Among the several works bringing up the rear this year were Lee Blessing's surprisingly unfunny two-person drama, ``War of the Roses.'' The author of such past ATL premi`eres as ``Oldtimers Game'' and ``Independence,'' Mr. Blessing seemed off his mark with this preciously titled look at modern marriage.
Blessing is no Updike when it comes to plumbing the heart of surburban matrimony, and many of his lines (``Love is an excuse to forget we exist'') smacked of Pinteresque pretensions. The physical violence that erupted toward the end of this extended one-act was a gratuitous substitute for substantive dramatic exchange. The final balletic coda of the couple's reconciliation was simply strained.
James McLure's ``The Very Last Lover of the River Cane,'' this year's contender in the good-ole-boy category, was a swing and a miss. A tale of unrequited but true love, Texas style, was not up to McLure's previous standards set by his earlier work, ``Lone Star,'' which ran on Broadway in 1980.
Although the verbal jokes packed a minor punch -- ``Hey, you kicked me in the head. That's because she didn't want to hurt you'' -- it was the three rounds of phony fisticuffs that were center stage. The 30 or so minutes of choreographed pummeling gave a workout to fight director Rankin, as well as lead actors Leo Burmester and Christian Kauffman. The Paul Owens set for the ``Tranquillity Lounge'' included a wooden chandelier just right for swinging. The rest happily broke apart at the appropriate moments.
``Ride the Dark Horse,'' by J. F. O'Keefe, was simply an overwrought domestic drama that hinged on the very unoriginal premise of the promising young prodigy struck down by a fatal illness. After sitting through more than two hours of writing that tended toward soap opera and acting that wasn't far behind, the audience was in as much pain as the characters.
``Available Light,'' by Heather McDonald, the festival's lone period piece, was an unwieldly, amateurish work set for no discernible reason in 19th-century France. The story of some angst-ridden villagers, McDonald's play rambled from discussions of feminism and sexual coming-of-age to a longing for spiritual transcendence -- all legitimate themes but not one whit enhanced by the play's antique setting.
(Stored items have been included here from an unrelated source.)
lemma free_reduce_freely_reduced: "freely_reduced w \<Longrightarrow> free_reduce w = w"
proof (induction w rule: freely_reduced.induct)
  case (1 x y ys)
  then show ?case
    by (simp add: free_reduce_def) (metis linv_linv)
qed (simp_all add: free_reduce_def)

definition word_nf :: "'a letter list \<Rightarrow> 'a letter list" where
  "word_nf w = (let v = free_reduce (filter (\<lambda>x. x \<noteq> E) w) in if v = [] then [E] else v)"

lemma word_nf_red_step: "red_step u v \<Longrightarrow> word_nf u = word_nf v"
proof (induction rule: red_step.induct)
  case (cancel u x v)
  then show ?case
    by (cases "x = E") (simp_all add: word_nf_def free_reduce_append_cancel)
qed (simp add: word_nf_def)

lemma word_nf_red_steps: "red_step\<^sup>*\<^sup>* u v \<Longrightarrow> word_nf u = word_nf v"
  by (induction rule: rtranclp_induct) (simp_all add: word_nf_red_step)

lemma word_nf_irreducible:
  assumes "irreducible v"
  shows "word_nf v = v"
proof (cases "v = [E]")
  case False
  then have "v \<noteq> []" and "E \<notin> set v" and "freely_reduced v"
    using assms by (auto simp: irreducible_def freely_reduced_iff in_set_conv_nth)
  moreover from \<open>E \<notin> set v\<close> have "filter (\<lambda>x. x \<noteq> E) v = v"
    by (auto simp: filter_id_conv)
  ultimately show ?thesis
    by (simp add: word_nf_def free_reduce_freely_reduced)
qed (simp add: word_nf_def free_reduce_def)

lemma red_step_of_not_irreducible:
  assumes "w \<noteq> []" "\<not> irreducible w"
  obtains v where "red_step w v" "v \<noteq> []" "length v < length w"
proof -
  have "w \<noteq> [E]"
    using assms(2) by (auto simp: irreducible_def)
  from assms consider i where "i < length w" "w ! i = E"
    | i where "Suc i < length w" "w ! i = linv (w ! Suc i)"
    by (auto simp: irreducible_def)
  then show thesis
  proof cases
    case (1 i)
    then have "w = take i w @ [E] @ drop (Suc i) w"
      by (metis id_take_nth_drop append_Cons append_Nil)
    moreover have "take i w @ drop (Suc i) w \<noteq> []"
      using 1 \<open>w \<noteq> [E]\<close> by (cases w; cases "tl w") auto
    ultimately show thesis
      using 1 by (intro that[of "take i w @ drop (Suc i) w"]) (metis red_step.dele, auto)
  next
    case (2 i)
    have "drop i w = [w ! i, w ! Suc i] @ drop (Suc (Suc i)) w"
      using 2(1) by (simp add: Cons_nth_drop_Suc)
    moreover have "w ! Suc i = linv (w ! i)"
      using 2(2) by simp
    ultimately have "drop i w = [w ! i, linv (w ! i)] @ drop (Suc (Suc i)) w"
      by simp
    then have "w = take i w @ [w ! i, linv (w ! i)] @ drop (Suc (Suc i)) w"
      by (metis append_take_drop_id)
    then show thesis
      using 2 by (intro that[of "take i w @ [E] @ drop (Suc (Suc i)) w"]) (metis red_step.cancel, auto)
  qed
qed

lemma ex_irreducible_reduct:
  "w \<noteq> [] \<Longrightarrow> \<exists>v. irreducible v \<and> red_step\<^sup>*\<^sup>* w v"
proof (induction "length w" arbitrary: w rule: less_induct)
  case less
  show ?case
  proof (cases "irreducible w")
    case False
    with less.prems obtain u where "red_step w u" "u \<noteq> []" "length u < length w"
      by (rule red_step_of_not_irreducible)
    with less.hyps show ?thesis
      by (meson converse_rtranclp_into_rtranclp)
  qed blast
qed

lemma reduced_eq_word_nf:
  assumes "w \<noteq> []"
  shows "reduced w = word_nf w"
proof -
  have "v = word_nf w" if "irreducible v" "red_step\<^sup>*\<^sup>* w v" for v
    using that word_nf_irreducible word_nf_red_steps by metis
  with ex_irreducible_reduct[OF assms] show ?thesis
    unfolding reduced_def by (metis (mono_tags, lifting) the_equality)
qed

lemma reduced_spec:
  assumes "w \<noteq> []"
  shows "irreducible (reduced w)" "red_step\<^sup>*\<^sup>* w (reduced w)"
  using ex_irreducible_reduct[OF assms] reduced_eq_word_nf[OF assms]
  by (metis word_nf_irreducible word_nf_red_steps)+
(* Under the standing setting, if $f_0\in[0,\infty)$ and $f_\infty\in[0,\infty)$, then there exists $\overline\lambda>0$ such that problem (P$_\lambda$) has no positive solution for any $\lambda\in[0,\overline\lambda)$.
   Context: Standing setting. $\varphi:\mathbb{R}\to\mathbb{R}$ is an odd, increasing homeomorphism satisfying condition (A): there exist increasing homeomorphisms $\psi_1,\psi_2:[0,\infty)\to[0,\infty)$ such that $\varphi(x)\psi_1(y)\le \varphi(xy)\le \varphi(x)\psi_2(y)$ for all $x,y\ge 0$. Let $c,d\in C([0,1],(0,\infty))$, and $\|\cdot\|_\infty$ the maximum norm on $C[0,1]$. Let $f\in C([0,\infty),[0,\infty))$ with $f(s)>0$ for $s>0$, and write $f_0=\lim_{s\to0^+}f(s)/\varphi(s)$, $f_\infty=\lim_{s\to\infty}f(s)/\varphi(s)$ (assumed to exist in $[0,\infty]$ whenever referred to). Let $h\in C((0,1),[0,\infty))$, $h\not\equiv 0$, with $\int_0^{1/2}\psi_1^{-1}\big(\int_s^{1/2}h(\tau)d\tau\big)ds+\int_{1/2}^1\psi_1^{-1}\big(\int_{1/2}^s h(\tau)d\tau\big)ds<\infty$. Notation attached to $h$: $\alpha_h=\sup\{x\in(0,1): h=0 \text{ on }(0,x)\}$ ($0$ if empty); $\beta_h=\inf\{x\in(0,1): h=0\text{ on }(x,1)\}$ ($1$ if empty); $\bar\alpha_h=\sup\{x\in(\alpha_h,1]: h>0 \text{ on }(\alpha_h,x)\}$; $\bar\beta_h=\inf\{x\in[0,\beta_h): h>0\text{ on }(x,\beta_h)\}$; $\gamma_h^1=(3\alpha_h+\bar\alpha_h)/4$, $\gamma_h^2=(\bar\beta_h+3\beta_h)/4$. It is assumed that $0\le\alpha_h<\gamma_h^1<\gamma_h^2<\beta_h\le 1$. For $\lambda\ge0$, problem (P$_\lambda$) is: $(d(t)\varphi(c(t)u'(t)))'+\lambda h(t)f(u(t))=0$ for $t\in(0,1)$, $u(0)=u(1)=0$. A solution is $u\in C[0,1]\cap C^1(0,1)$ such that $t\mapsto d(t)\varphi(c(t)u'(t))$ is continuously differentiable on $(0,1)$ and the equation and boundary conditions hold; it is positive if $u(t)>0$ for all $t\in(0,1)$. *)

theory Defs
  imports "HOL-Analysis.Analysis"
begin

definition incr_homeo_pos :: "(real \<Rightarrow> real) \<Rightarrow> bool" where
  "incr_homeo_pos \<psi> \<longleftrightarrow> (\<exists>g. homeomorphism {0..} {0..} \<psi> g) \<and> strict_mono_on {0..} \<psi>"

definition phi_cond_A :: "(real \<Rightarrow> real) \<Rightarrow> (real \<Rightarrow> real) \<Rightarrow> (real \<Rightarrow> real) \<Rightarrow> bool" where
  "phi_cond_A \<phi> \<psi>1 \<psi>2 \<longleftrightarrow>
     (\<exists>g. homeomorphism UNIV UNIV \<phi> g) \<and> strict_mono \<phi> \<and> (\<forall>x. \<phi> (-x) = - \<phi> x) \<and>
     incr_homeo_pos \<psi>1 \<and> incr_homeo_pos \<psi>2 \<and>
     (\<forall>x\<ge>0. \<forall>y\<ge>0. \<phi> x * \<psi>1 y \<le> \<phi> (x*y) \<and> \<phi> (x*y) \<le> \<phi> x * \<psi>2 y)"

definition alpha_h :: "(real \<Rightarrow> real) \<Rightarrow> real" where
  "alpha_h h = (let S = {x\<in>{0<..<1}. \<forall>t\<in>{0<..<x}. h t = 0} in if S = {} then 0 else Sup S)"

definition beta_h :: "(real \<Rightarrow> real) \<Rightarrow> real" where
  "beta_h h = (let S = {x\<in>{0<..<1}. \<forall>t\<in>{x<..<1}. h t = 0} in if S = {} then 1 else Inf S)"

text \<open>If the defining set is empty we use alpha_h (resp. beta_h), so the standing
  assumption alpha_h < gamma1 (resp. gamma2 < beta_h) fails.\<close>
definition bar_alpha_h :: "(real \<Rightarrow> real) \<Rightarrow> real" where
  "bar_alpha_h h = (let S = {x\<in>{alpha_h h<..1}. \<forall>t\<in>{alpha_h h<..<x}. h t > 0}
                    in if S = {} then alpha_h h else Sup S)"

definition bar_beta_h :: "(real \<Rightarrow> real) \<Rightarrow> real" where
  "bar_beta_h h = (let S = {x\<in>{0..<beta_h h}. \<forall>t\<in>{x<..<beta_h h}. h t > 0}
                   in if S = {} then beta_h h else Inf S)"

definition gamma1_h :: "(real \<Rightarrow> real) \<Rightarrow> real" where
  "gamma1_h h = (3 * alpha_h h + bar_alpha_h h) / 4"

definition gamma2_h :: "(real \<Rightarrow> real) \<Rightarrow> real" where
  "gamma2_h h = (bar_beta_h h + 3 * beta_h h) / 4"

definition is_solution ::
  "(real \<Rightarrow> real) \<Rightarrow> (real \<Rightarrow> real) \<Rightarrow> (real \<Rightarrow> real) \<Rightarrow> (real \<Rightarrow> real) \<Rightarrow> (real \<Rightarrow> real)
   \<Rightarrow> real \<Rightarrow> (real \<Rightarrow> real) \<Rightarrow> bool" where
  "is_solution \<phi> c d h f lam u \<longleftrightarrow>
     continuous_on {0..1} u \<and>
     (\<exists>u' w'. (\<forall>t\<in>{0<..<1}. (u has_real_derivative u' t) (at t)) \<and> continuous_on {0<..<1} u' \<and>
        (\<forall>t\<in>{0<..<1}. ((\<lambda>s. d s * \<phi> (c s * u' s)) has_real_derivative w' t) (at t)) \<and>
        continuous_on {0<..<1} w' \<and>
        (\<forall>t\<in>{0<..<1}. w' t + lam * h t * f (u t) = 0)) \<and>
     u 0 = 0 \<and> u 1 = 0"

definition is_pos_solution ::
  "(real \<Rightarrow> real) \<Rightarrow> (real \<Rightarrow> real) \<Rightarrow> (real \<Rightarrow> real) \<Rightarrow> (real \<Rightarrow> real) \<Rightarrow> (real \<Rightarrow> real)
   \<Rightarrow> real \<Rightarrow> (real \<Rightarrow> real) \<Rightarrow> bool" where
  "is_pos_solution \<phi> c d h f lam u \<longleftrightarrow> is_solution \<phi> c d h f lam u \<and> (\<forall>t\<in>{0<..<1}. u t > 0)"

end

theory Submission
  imports Defs
begin
(* Let $T$ be a nonabelian finite simple group and let $A,B$ be proper subgroups of $T$ with $T=AB$. Let $M=T^2$, $G=T\wr S_2=M\rtimes S_2$ (with $S_2$ swapping coordinates), $K_1=A\times B$ and $K_2=B\times A$. Then $K_1\cap K_2=(A\cap B)\times(A\cap B)$ is normalised by $S_2$; $G$ acts transitively on the coset space $\Omega$ of $H=(K_1\cap K_2)\rtimes S_2$, with $M$ a transitive minimal normal subgroup; and for $\omega=H$: (a) $\{K_1,K_2\}$ is a Cartesian system of subgroups in $M$ with respect to $\omega$ which is not $M$-normal and has $|\mathcal F_i|=2$; (b) $\{(A\cap B)\times T,\ T\times(A\cap B)\}$ is also a Cartesian system of subgroups in $M$ with respect to $\omega$, and it is $M$-normal.
   Context: For $G$ innately transitive on $\Omega$ (i.e. with a transitive minimal normal subgroup, a plinth) with plinth $M$ and $\omega\in\Omega$, a Cartesian system of subgroups in $M$ with respect to $\omega$ is a $G_\omega$-conjugation-invariant set $\{K_1,\ldots,K_\ell\}$ of subgroups of $M$ with $\bigcap_i K_i=M_\omega$ and $K_i\bigl(\bigcap_{j\ne i}K_j\bigr)=M$ for all $i$. It is $M$-normal if there are normal subgroups $M_1,\ldots,M_\ell$ of $M$ with $M=M_1\times\cdots\times M_\ell$ and $K_i=(M_i\cap M_\omega)\times\prod_{j\ne i}M_j$ for all $i$. For $M=T_1\times\cdots\times T_k$ with simple factors $T_i$ and projections $\sigma_i:M\to T_i$, $\mathcal F_i=\{\sigma_i(K_j):\sigma_i(K_j)\ne T_i\}$. *)

theory Defs
  imports "HOL-Algebra.Algebra" "HOL-Algebra.Left_Coset"
begin

text \<open>An element ((x,y),s) stands for
  (x,y) * sigma^s, where sigma is the swap (s = True means sigma is present).\<close>

definition wreath2 :: "('a, 'b) monoid_scheme \<Rightarrow> (('a \<times> 'a) \<times> bool) monoid" where
  "wreath2 T =
     \<lparr> carrier = (carrier T \<times> carrier T) \<times> UNIV,
       monoid.mult = (\<lambda>((x1, y1), s) ((x2, y2), t).
          ((if s then (x1 \<otimes>\<^bsub>T\<^esub> y2, y1 \<otimes>\<^bsub>T\<^esub> x2)
                 else (x1 \<otimes>\<^bsub>T\<^esub> x2, y1 \<otimes>\<^bsub>T\<^esub> y2)), s \<noteq> t)),
       one = ((\<one>\<^bsub>T\<^esub>, \<one>\<^bsub>T\<^esub>), False) \<rparr>"

definition base2 :: "('a, 'b) monoid_scheme \<Rightarrow> (('a \<times> 'a) \<times> bool) set" where
  "base2 T = (carrier T \<times> carrier T) \<times> {False}"

definition swap2 :: "('a, 'b) monoid_scheme \<Rightarrow> ('a \<times> 'a) \<times> bool" where
  "swap2 T = ((\<one>\<^bsub>T\<^esub>, \<one>\<^bsub>T\<^esub>), True)"

definition bprod :: "'a set \<Rightarrow> 'a set \<Rightarrow> (('a \<times> 'a) \<times> bool) set" where
  "bprod P Q = Sigma (Sigma P (\<lambda>_. Q)) (\<lambda>_. {False})"

definition coset_action :: "('g, 'c) monoid_scheme \<Rightarrow> 'g set \<Rightarrow> 'g \<Rightarrow> 'g set \<Rightarrow> 'g set" where
  "coset_action G H g = (\<lambda>C \<in> lcosets\<^bsub>G\<^esub> H. g <#\<^bsub>G\<^esub> C)"

definition minimal_normal :: "'g set \<Rightarrow> ('g, 'c) monoid_scheme \<Rightarrow> bool" where
  "minimal_normal N G \<longleftrightarrow> N \<lhd> G \<and> N \<noteq> {\<one>\<^bsub>G\<^esub>} \<and>
     (\<forall>L. L \<lhd> G \<and> L \<subseteq> N \<longrightarrow> L = {\<one>\<^bsub>G\<^esub>} \<or> L = N)"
Marcia Dixon's floaty costumes and Sherry Gilpin's ye olde country dances were only the most gratuitous nods toward authenticity. Most annoying were the extensive discussions of flatulence the author passed off as earthy peasantries.
(Two additional one-act plays, ``The American Century,'' by Murphy Guyer, and ``The Root of Chaos,'' by Douglas Soderberg, were not seen by this reviewer.)